60 事情聴取、開始
主人公のターンに戻って参りました。
放課後の教室。
私は安泉さんを部活へ見送った後、机に突っ伏していた。
白慧の事件から、約一週間後の火曜日。
あれから二日後に、保健室で目を覚ました私は、普通の日常に戻っていた。
私が学校を休んでいる間、 クラスメイトには普通に風邪で休むと告げ、ルームメイトである安泉さんには、私が体調を崩して倒れた為、保険室で緋紗良先生が面倒を診ていると伝えられていたそうだ。
目が覚めた時、目に入ったのは、ベッドの両脇に頭を付けて眠るまーさんとこーちゃんの姿で、次いで声が出し辛い程の酷い喉の渇きと、身体の痛みに、寝起きのぼんやりとした頭が刺激された。
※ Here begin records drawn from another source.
(* For every integer $T\ge 5$ and every $\sigma\in\mathfrak S_3$, the vector $\sigma c$ with $c=[1,0,0,0,0,0]$ defines a facet of $P^T$.
   Context: For an integer $T\ge 2$, let $\Omega_T$ be the set of words $w=s_1s_2\cdots s_T$ over $\{1,2,3\}$ with $s_l\neq s_{l+1}$ for $l=1,\dots,T-1$. For $w\in\Omega_T$ and an ordered pair $ij$, $i\neq j$, let $x_{ij}(w)$ be the number of indices $1\le l\le T-1$ with $s_ls_{l+1}=ij$. Vectors of $\mathbb R^6$ are indexed in the order $[x_{12},x_{13},x_{21},x_{23},x_{31},x_{32}]$. Let $a_w=[x_{12}(w),\dots,x_{32}(w)]$ and $P^T=\mathrm{conv}\{a_w:w\in\Omega_T\}$ (the convex hull of the columns of the design matrix $A^T$). $\mathfrak S_3$ acts on $\mathbb R^6$ by $(\sigma c)_{ij}=c_{\sigma(i)\sigma(j)}$. A vector $c$ defines a facet of $P^T$ if $c\cdot a_w\ge0$ for all $w\in\Omega_T$ and $\{x\in P^T: c\cdot x=0\}$ is a facet of $P^T$. *)

theory Defs
  imports "HOL-Analysis.Analysis"
begin

definition Omega :: "nat \<Rightarrow> nat list set" where
  "Omega T = {w. length w = T \<and> set w \<subseteq> {1,2,3} \<and>
                 (\<forall>l. l + 1 < T \<longrightarrow> w ! l \<noteq> w ! (l + 1))}"

definition xcount :: "nat list \<Rightarrow> nat \<Rightarrow> nat \<Rightarrow> nat" where
  "xcount w i j = card {l. l + 1 < length w \<and> w ! l = i \<and> w ! (l + 1) = j}"

definition avec :: "nat list \<Rightarrow> real^6" where
  "avec w = vector [real (xcount w 1 2), real (xcount w 1 3), real (xcount w 2 1),
                    real (xcount w 2 3), real (xcount w 3 1), real (xcount w 3 2)]"

definition PT :: "nat \<Rightarrow> (real^6) set" where
  "PT T = convex hull (avec ` Omega T)"

definition coord :: "real^6 \<Rightarrow> nat \<Rightarrow> nat \<Rightarrow> real" where
  "coord c i j =
     (if (i, j) = (1, 2) then c $ 1 else
      if (i, j) = (1, 3) then c $ 2 else
      if (i, j) = (2, 1) then c $ 3 else
      if (i, j) = (2, 3) then c $ 4 else
      if (i, j) = (3, 1) then c $ 5 else
      if (i, j) = (3, 2) then c $ 6 else 0)"
theorem mainTheorem13:
  shows "(\<forall>f :: real \<Rightarrow> ereal. (\<forall>x. f x \<noteq> -\<infinity>) \<and> H_convex_fun f \<longrightarrow>
            (\<forall>x. f (-x) = f x) \<and> lsc f)
      \<and> (\<forall>(C :: (real \<Rightarrow> real) set) (A :: (real \<times> real) set).
            H_convex_set C \<and> C = {psi a b | a b. (a, b) \<in> A} \<longrightarrow>
            closed A \<and> convex A \<and> set_diff_minkowski A nonneg_quadrant \<subseteq> A)
      \<and> (\<forall>A :: (real \<times> real) set.
            closed A \<and> convex A \<and> set_diff_minkowski A nonneg_quadrant \<subseteq> A \<and>
            (\<exists>x. supfun {psi a b | a b. (a, b) \<in> A} x \<noteq> \<infinity>) \<longrightarrow>
            H_convex_set {psi a b | a b. (a, b) \<in> A})"
  using H_convex_fun_even_lsc H_convex_psi_set_imp H_convex_psi_set_if by blast

end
起きたばかりの時は倦怠感が凄くて、動く気がしなかったけれど、状況把握の為にも上体を起こす。
それにより目の覚めたまーさん、こーちゃんに、私が気絶した後の話を聞いた時は、悪夢かと思った。
思わず顔を青褪めさせてしまったのは、仕方のない反応だと言いたい。
様子を見に来た篠之雨先生を慌てさせてしまったのは、申し訳ないと思っているけど。
まあ、問題はそこじゃない。
私が気絶した後の事、生徒会組が駆け付けて来たらしいのだ。
おまけに、気絶する前の幻聴は幻聴でなく、倒れる私を抱き止めたのは篠之雨だと聞いている。
同じく行動を共にしていた隠神刑部狸だと言う、田沼凛くんまで居り、凄く心配していたとか。
そして、私が今、問題視にすべき最大の事は……私の状態が落ち着いたら、事情聴取と言う名の尋問が待っていると言う事。
あははは、それ今日の放課後なんだよね。
乾いた笑いしか出ないよ、はぁ。
傷は毎日、緋紗良先生が診てくれて、 治癒術も掛けて貰っていたから、お腹の傷も骨折も大分治ってきている。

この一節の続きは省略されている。